» **Stored data entries**:
(* Let $\tau>0$, $\lambda=1-\tau^2$, and let $\gamma:I\subset\mathbb{R}\to H$, $\gamma(s)=(e^{iy(s)}\cos x(s),\sin x(s))$, be the profile curve of a rotationally invariant surface $\Phi(s,t)=(e^{iy(s)}\cos x(s), e^{it}\sin x(s))$ in $\mathbb{S}^3_\tau$ with Gauss curvature $K$. Then, after a suitable reparametrization of $\gamma$, there exists a function $\alpha:I\to\mathbb{R}$ such that $x,y,\alpha$ satisfy \[ \begin{aligned} x'&=\cos\alpha,\\ y'&=\frac{1}{\tau}\frac{\sqrt{1-\lambda\sin^2x}}{\cos x}\sin\alpha,\\ \alpha'&=\frac{\tan x}{\sin\alpha}\left[\frac{1-\lambda\sin^2x}{1-2\lambda\sin^2x}K-\cos^2\alpha\left(\frac{1-\lambda}{1-\lambda\sin^2x}+\frac{4\lambda\cos^2x}{1-2\lambda\sin^2x}\right)\right]. \end{aligned} \] Moreover, if $K$ is constant and $(x(s),y(s),\alpha(s))$ is a solution of this system, then the quantity \[ \mathcal{E}=\frac{(1-2\lambda\sin^2x)^2}{1-\lambda\sin^2x}\cos^2x\cos^2\alpha+K(1-\lambda\sin^2x)\sin^2x \] is constant.
   Context: The Berger sphere $\mathbb{S}^3_\tau$ ($\tau>0$) is the set $\{(z,w)\in\mathbb{C}^2: |z|^2+|w|^2=1\}$ with the metric $g_\tau(X,Y)=\langle X,Y\rangle-(1-\tau^2)\langle X,V\rangle\langle Y,V\rangle$, where $\langle\cdot,\cdot\rangle$ is the metric induced from the Euclidean metric of $\mathbb{C}^2=\mathbb{R}^4$ and $V_{(z,w)}=(iz,iw)$. A surface is rotationally invariant if it is invariant under the group $\mathrm{Rot}=\{(z,w)\mapsto(z,e^{it}w): t\in\mathbb{R}\}$. The orbit space $\mathbb{S}^3_\tau/\mathrm{Rot}$ is identified with the closed hemisphere $H=\{(z,a)\in\mathbb{C}\times\mathbb{R}: |z|^2+a^2=1,\ a\ge0\}\subset\mathbb{S}^2(1)$, and a rotationally invariant surface is the $\mathrm{Rot}$-orbit of a profile curve $\gamma(s)=(e^{iy(s)}\cos x(s),\sin x(s))$ with $\sin x(s)\ge 0$, parametrized by $\Phi(s,t)=(e^{iy(s)}\cos x(s),e^{it}\sin x(s))$. *)

theory Defs
  imports "HOL-Analysis.Analysis"
begin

» **Exercise brief**:
For each line of the entries that includes "begin", show that line.

» **Your response**:
(* Let $\tau>0$, $\lambda=1-\tau^2$, and let $\gamma:I\subset\mathbb{R}\to H$, $\gamma(s)=(e^{iy(s)}\cos x(s),\sin x(s))$, be the profile curve of a rotationally invariant surface $\Phi(s,t)=(e^{iy(s)}\cos x(s), e^{it}\sin x(s))$ in $\mathbb{S}^3_\tau$ with Gauss curvature $K$. Then, after a suitable reparametrization of $\gamma$, there exists a function $\alpha:I\to\mathbb{R}$ such that $x,y,\alpha$ satisfy \[ \begin{aligned} x'&=\cos\alpha,\\ y'&=\frac{1}{\tau}\frac{\sqrt{1-\lambda\sin^2x}}{\cos x}\sin\alpha,\\ \alpha'&=\frac{\tan x}{\sin\alpha}\left[\frac{1-\lambda\sin^2x}{1-2\lambda\sin^2x}K-\cos^2\alpha\left(\frac{1-\lambda}{1-\lambda\sin^2x}+\frac{4\lambda\cos^2x}{1-2\lambda\sin^2x}\right)\right]. \end{aligned} \] Moreover, if $K$ is constant and $(x(s),y(s),\alpha(s))$ is a solution of this system, then the quantity \[ \mathcal{E}=\frac{(1-2\lambda\sin^2x)^2}{1-\lambda\sin^2x}\cos^2x\cos^2\alpha+K(1-\lambda\sin^2x)\sin^2x \] is constant.
begin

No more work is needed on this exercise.